WHAT YOU SHOULD DO
Look below for the line containing "then obtain j"; from there through the line containing "using B v j", both lines included, please set down each line exactly and nothing else.
[Opening LISTED ENTRIES section]
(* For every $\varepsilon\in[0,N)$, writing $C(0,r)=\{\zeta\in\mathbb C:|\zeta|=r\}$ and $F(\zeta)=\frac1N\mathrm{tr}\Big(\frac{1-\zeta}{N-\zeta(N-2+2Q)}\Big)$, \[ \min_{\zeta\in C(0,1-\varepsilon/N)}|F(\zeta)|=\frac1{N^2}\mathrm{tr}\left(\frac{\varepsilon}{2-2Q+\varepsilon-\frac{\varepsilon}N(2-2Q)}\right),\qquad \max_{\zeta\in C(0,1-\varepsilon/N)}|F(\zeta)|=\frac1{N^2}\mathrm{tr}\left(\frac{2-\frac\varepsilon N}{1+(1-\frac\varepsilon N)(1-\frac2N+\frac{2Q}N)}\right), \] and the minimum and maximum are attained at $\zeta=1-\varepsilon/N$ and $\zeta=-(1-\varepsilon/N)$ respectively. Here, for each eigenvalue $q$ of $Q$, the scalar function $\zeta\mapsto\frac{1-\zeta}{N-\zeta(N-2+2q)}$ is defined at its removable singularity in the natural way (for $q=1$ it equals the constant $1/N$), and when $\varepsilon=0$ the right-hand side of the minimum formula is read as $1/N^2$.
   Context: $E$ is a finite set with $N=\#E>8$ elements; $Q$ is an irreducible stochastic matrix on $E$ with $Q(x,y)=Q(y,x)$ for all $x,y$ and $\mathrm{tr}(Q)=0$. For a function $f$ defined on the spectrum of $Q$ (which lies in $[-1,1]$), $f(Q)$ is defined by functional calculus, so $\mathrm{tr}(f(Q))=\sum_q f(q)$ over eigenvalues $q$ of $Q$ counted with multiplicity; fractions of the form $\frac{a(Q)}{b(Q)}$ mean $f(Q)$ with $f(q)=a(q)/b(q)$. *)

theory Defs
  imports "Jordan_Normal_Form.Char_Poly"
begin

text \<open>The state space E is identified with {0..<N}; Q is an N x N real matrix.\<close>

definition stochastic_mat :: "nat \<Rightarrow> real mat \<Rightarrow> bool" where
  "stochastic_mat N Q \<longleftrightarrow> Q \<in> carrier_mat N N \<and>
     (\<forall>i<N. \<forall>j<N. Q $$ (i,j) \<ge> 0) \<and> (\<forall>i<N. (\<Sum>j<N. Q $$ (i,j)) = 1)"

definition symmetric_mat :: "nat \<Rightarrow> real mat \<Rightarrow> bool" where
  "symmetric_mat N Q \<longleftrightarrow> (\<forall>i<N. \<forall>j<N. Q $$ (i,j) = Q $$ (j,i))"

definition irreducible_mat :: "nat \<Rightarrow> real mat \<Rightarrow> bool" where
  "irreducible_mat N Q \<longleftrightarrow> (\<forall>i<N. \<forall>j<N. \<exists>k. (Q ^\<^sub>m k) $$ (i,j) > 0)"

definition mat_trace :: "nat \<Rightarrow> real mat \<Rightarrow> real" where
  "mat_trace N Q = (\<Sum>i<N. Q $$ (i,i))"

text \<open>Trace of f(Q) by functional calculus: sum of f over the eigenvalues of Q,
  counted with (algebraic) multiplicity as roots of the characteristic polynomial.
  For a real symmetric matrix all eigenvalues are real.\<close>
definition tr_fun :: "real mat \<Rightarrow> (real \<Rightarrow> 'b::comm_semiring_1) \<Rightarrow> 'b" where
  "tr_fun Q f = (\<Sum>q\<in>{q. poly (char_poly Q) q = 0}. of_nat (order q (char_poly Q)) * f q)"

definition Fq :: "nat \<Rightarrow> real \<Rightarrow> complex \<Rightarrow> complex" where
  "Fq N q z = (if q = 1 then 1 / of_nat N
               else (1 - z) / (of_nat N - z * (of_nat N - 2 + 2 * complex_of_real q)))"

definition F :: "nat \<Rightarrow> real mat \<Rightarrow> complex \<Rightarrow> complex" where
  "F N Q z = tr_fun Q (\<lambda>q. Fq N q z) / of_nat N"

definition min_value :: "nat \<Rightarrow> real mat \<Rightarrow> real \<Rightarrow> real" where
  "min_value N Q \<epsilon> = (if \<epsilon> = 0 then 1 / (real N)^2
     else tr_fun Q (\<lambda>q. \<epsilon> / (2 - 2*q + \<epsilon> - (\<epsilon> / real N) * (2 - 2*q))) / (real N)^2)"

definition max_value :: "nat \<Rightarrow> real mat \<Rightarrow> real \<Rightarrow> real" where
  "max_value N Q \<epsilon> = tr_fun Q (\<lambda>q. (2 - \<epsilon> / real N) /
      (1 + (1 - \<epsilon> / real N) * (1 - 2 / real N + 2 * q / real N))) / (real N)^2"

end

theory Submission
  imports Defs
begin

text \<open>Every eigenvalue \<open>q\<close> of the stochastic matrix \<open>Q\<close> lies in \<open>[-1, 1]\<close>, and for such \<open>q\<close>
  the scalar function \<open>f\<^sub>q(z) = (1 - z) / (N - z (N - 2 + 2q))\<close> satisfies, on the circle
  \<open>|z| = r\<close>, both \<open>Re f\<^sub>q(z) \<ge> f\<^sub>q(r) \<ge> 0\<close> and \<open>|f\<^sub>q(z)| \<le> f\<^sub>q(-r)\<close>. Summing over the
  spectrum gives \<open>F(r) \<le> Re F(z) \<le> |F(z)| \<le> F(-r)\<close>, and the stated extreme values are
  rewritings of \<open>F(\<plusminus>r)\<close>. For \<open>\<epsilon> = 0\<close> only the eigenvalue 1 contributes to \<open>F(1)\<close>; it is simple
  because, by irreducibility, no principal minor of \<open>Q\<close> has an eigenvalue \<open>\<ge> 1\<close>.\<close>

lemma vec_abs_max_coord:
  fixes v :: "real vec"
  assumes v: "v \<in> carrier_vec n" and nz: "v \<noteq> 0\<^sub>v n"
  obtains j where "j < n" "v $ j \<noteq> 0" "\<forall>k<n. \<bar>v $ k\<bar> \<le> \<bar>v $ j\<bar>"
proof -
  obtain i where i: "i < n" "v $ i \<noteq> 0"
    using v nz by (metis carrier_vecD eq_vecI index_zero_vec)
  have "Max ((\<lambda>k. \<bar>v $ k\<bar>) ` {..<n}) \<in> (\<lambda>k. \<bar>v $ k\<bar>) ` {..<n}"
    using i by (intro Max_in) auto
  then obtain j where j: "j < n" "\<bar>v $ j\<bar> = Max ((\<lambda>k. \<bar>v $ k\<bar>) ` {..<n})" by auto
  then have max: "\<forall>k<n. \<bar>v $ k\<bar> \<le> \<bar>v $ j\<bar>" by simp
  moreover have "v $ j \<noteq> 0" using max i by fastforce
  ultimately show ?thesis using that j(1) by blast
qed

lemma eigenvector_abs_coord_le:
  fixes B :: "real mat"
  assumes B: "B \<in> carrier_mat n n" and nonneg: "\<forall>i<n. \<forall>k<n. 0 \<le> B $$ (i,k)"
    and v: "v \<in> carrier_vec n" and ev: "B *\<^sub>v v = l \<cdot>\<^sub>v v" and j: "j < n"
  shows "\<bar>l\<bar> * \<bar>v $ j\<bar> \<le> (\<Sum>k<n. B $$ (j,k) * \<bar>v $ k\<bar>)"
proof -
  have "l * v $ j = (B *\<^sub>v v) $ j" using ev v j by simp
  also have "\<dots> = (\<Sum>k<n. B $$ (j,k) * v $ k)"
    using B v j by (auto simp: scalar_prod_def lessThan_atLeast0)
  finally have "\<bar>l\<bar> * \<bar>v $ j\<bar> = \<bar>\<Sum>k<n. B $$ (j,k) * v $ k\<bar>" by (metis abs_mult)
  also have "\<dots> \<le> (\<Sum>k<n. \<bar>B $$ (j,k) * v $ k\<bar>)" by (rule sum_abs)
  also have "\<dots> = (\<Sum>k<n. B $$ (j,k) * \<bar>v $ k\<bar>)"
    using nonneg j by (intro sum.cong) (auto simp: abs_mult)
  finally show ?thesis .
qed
[Closing LISTED ENTRIES section]
[Opening LISTED ENTRIES section]
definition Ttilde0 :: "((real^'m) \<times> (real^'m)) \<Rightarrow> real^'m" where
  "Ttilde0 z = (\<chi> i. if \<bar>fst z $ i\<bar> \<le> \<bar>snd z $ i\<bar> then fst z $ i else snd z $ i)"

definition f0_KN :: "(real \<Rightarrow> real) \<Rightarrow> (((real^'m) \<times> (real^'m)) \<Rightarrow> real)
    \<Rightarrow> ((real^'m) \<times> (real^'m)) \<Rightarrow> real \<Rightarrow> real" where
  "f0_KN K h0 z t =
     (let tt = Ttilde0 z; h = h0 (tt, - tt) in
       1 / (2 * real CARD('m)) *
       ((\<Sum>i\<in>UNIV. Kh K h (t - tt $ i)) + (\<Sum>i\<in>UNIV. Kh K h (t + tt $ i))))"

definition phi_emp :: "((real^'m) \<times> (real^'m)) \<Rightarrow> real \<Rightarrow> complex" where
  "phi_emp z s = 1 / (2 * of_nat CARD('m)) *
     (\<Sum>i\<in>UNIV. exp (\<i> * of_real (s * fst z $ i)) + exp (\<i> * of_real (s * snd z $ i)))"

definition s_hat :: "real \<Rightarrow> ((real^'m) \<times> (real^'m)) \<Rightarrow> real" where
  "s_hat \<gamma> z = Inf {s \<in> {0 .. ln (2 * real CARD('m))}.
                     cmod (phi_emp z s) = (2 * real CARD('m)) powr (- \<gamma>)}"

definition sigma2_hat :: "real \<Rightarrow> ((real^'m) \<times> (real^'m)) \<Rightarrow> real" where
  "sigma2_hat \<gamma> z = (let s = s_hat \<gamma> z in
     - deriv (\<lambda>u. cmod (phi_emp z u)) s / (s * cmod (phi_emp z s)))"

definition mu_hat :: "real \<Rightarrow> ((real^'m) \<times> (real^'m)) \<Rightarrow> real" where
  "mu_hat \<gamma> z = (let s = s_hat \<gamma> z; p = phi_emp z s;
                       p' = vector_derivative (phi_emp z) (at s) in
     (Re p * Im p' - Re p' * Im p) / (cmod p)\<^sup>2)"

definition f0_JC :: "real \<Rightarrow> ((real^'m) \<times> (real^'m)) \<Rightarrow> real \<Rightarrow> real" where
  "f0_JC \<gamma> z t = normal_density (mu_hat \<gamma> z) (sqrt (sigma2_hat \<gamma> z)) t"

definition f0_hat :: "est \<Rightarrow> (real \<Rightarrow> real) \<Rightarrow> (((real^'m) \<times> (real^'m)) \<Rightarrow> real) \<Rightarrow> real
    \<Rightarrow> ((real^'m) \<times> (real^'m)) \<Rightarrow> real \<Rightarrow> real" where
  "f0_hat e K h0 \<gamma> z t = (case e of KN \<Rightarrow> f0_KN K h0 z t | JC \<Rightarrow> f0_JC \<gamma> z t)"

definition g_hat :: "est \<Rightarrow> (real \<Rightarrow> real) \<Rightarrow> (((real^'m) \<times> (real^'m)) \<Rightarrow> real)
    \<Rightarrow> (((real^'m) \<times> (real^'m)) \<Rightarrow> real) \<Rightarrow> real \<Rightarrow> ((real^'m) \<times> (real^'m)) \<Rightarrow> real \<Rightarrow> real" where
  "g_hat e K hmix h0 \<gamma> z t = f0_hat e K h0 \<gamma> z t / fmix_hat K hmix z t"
[Closing LISTED ENTRIES section]
YOUR RESPONSE
  then obtain j where j: "j < n" "\<bar>v $ j\<bar> = Max ((\<lambda>k. \<bar>v $ k\<bar>) ` {..<n})" by auto
  then have max: "\<forall>k<n. \<bar>v $ k\<bar> \<le> \<bar>v $ j\<bar>" by simp
  moreover have "v $ j \<noteq> 0" using max i by fastforce
  ultimately show ?thesis using that j(1) by blast
qed

lemma eigenvector_abs_coord_le:
  fixes B :: "real mat"
  assumes B: "B \<in> carrier_mat n n" and nonneg: "\<forall>i<n. \<forall>k<n. 0 \<le> B $$ (i,k)"
    and v: "v \<in> carrier_vec n" and ev: "B *\<^sub>v v = l \<cdot>\<^sub>v v" and j: "j < n"
  shows "\<bar>l\<bar> * \<bar>v $ j\<bar> \<le> (\<Sum>k<n. B $$ (j,k) * \<bar>v $ k\<bar>)"
proof -
  have "l * v $ j = (B *\<^sub>v v) $ j" using ev v j by simp
  also have "\<dots> = (\<Sum>k<n. B $$ (j,k) * v $ k)"
    using B v j by (auto simp: scalar_prod_def lessThan_atLeast0)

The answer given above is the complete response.